How the Seat Varies by Unit Type

  • Cyber Mission Force team (US Cyber Command's Navy component)
    This is the operational tip of the spear — work-role-qualified crews executing cyberspace operations under the joint Cyber Mission Force structure. The qualification track is the most demanding, the watch floor is the most mission-driven, and the clearance and OPSEC posture is the tightest. As CWTSN you draw tier-one tasking under a senior operator and you live the joint work-role framework directly. Verify the current team structure and work-role names; this is exactly where the rating is moving fastest.
  • Fleet Cyber Command / NAVIFOR element
    The Navy's own cyber and information-warfare enterprise under Fleet Cyber Command / Tenth Fleet and the Naval Information Forces structure. The mission set runs the defensive and network operations that protect and enable the fleet. The rhythm is shore-and-watch-floor, the qualification track still runs to the 8140 and Cyber Mission Force standards, and the CWTSN here gets a broad foundation in the Navy-specific side of the cyber fight.
  • Cryptologic Warfare Activity / joint-duty cyber site
    A joint or cryptologic-warfare environment where Navy CWTs work alongside the other services' cyber operators and the broader intelligence-and-cyber enterprise.
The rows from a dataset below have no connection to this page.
lemma listed_with_mult_bij:
  assumes "listed_with_mult f I mu"
  obtains h where "bij_betw h {k. 0 < mu k} {i\<in>I. 0 < f i}" "\<And>k. 0 < mu k \<Longrightarrow> f (h k) = mu k"
proof -
  define g where "g c = (SOME g. bij_betw g {k. mu k = c} {i\<in>I. f i = c})" for c
  have g: "bij_betw (g c) {k. mu k = c} {i\<in>I. f i = c}" if "0 < c" for c
    using assms that unfolding listed_with_mult_def g_def by (metis (mono_tags, lifting) someI_ex)
  define h where "h k = g (mu k) k" for k
  have h: "h k \<in> I" "f (h k) = mu k" if "0 < mu k" for k
    using g[OF that] by (auto simp: h_def bij_betw_def)
  have "inj_on h {k. 0 < mu k}"
  proof (rule inj_onI)
    fix a b assume a: "a \<in> {k. 0 < mu k}" and "b \<in> {k. 0 < mu k}" and hab: "h a = h b"
    then have "mu a = mu b"
      using h by (metis mem_Collect_eq)
    then show "a = b"
      using hab g[of "mu a"] a by (auto simp: h_def bij_betw_def dest: inj_onD)
  qed
  moreover have "{i\<in>I. 0 < f i} \<subseteq> h ` {k. 0 < mu k}"
  proof
    fix i assume i: "i \<in> {i\<in>I. 0 < f i}"
    then obtain k where "mu k = f i" "g (f i) k = i"
      using g[of "f i"] by (force simp: bij_betw_def)
    then show "i \<in> h ` {k. 0 < mu k}"
      using i by (auto simp: h_def intro!: image_eqI[of _ _ k])
  qed
  ultimately have "bij_betw h {k. 0 < mu k} {i\<in>I. 0 < f i}"
    using h by (auto simp: bij_betw_def)
  then show thesis
    using h(2) by (rule that)
qed

locale nonneg_summable =
  fixes f :: "'i \<Rightarrow> real" and I :: "'i set"
  assumes nonneg: "\<And>i. i \<in> I \<Longrightarrow> 0 \<le> f i"
    and summable: "f summable_on I"
begin

lemma le_infsum: "i \<in> I \<Longrightarrow> f i \<le> infsum f I"
  using finite_sum_le_infsum[OF summable, of "{i}"] nonneg by auto

lemma finite_superlevel:
  assumes "0 < c"
  shows "finite {i\<in>I. c \<le> f i}"
proof (rule ccontr)
  assume "infinite {i\<in>I. c \<le> f i}"
  obtain n :: nat where n: "infsum f I / c < n"
    using reals_Archimedean2 by blast
  obtain F where F: "F \<subseteq> {i\<in>I. c \<le> f i}" "finite F" "card F = n"
    using infinite_arbitrarily_large[OF \<open>infinite _\<close>] by blast
  have "n * c = (\<Sum>i\<in>F. c)"
    using F by simp
  also have "\<dots> \<le> sum f F"
    using F by (intro sum_mono) auto
  also have "\<dots> \<le> infsum f I"
    using F nonneg by (intro finite_sum_le_infsum[OF summable]) auto
  finally show False
    using n assms by (simp add: field_simps)
qed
The clearance environment is the strictest, the OPSEC discipline is absolute, and the work is often the most specialized. As CWTSN you learn how the joint cyber world fits together and how the Navy enlisted operator plugs into it — which is a perspective that pays for the rest of the career.
  • Schoolhouse / pipeline (pre-first-command)
    Before any of the above, you are a student in the long cyber pipeline (verify current course and location — historically CIWT and Corry Station, Pensacola) with the clearance investigation running in parallel. Your 'unit' is the schoolhouse; your job is to pass the curriculum, complete the foundational quals you can do uncleared, and keep the clearance investigation clean. The CWTSN who treats the pipeline as the easy part and the clearance as automatic is the one who stalls before he ever reaches a watch floor.
  • Legacy-CTN-heavy team versus newer all-CWT team
    Because the rating consolidated the former CTN networks-and-cyber role, some teams are still senior-heavy with CTN-legacy operators who came up before CWT had its own name, while newer teams are increasingly all-CWT. The legacy-heavy team gives you mentors with a decade in the fight and institutional memory the new rating has not written down yet — lean on it hard. Either way, verify the current rating structure and work-role names against the source-rating NAVADMIN, because what a legacy senior calls a qual may have a different name on the current chart.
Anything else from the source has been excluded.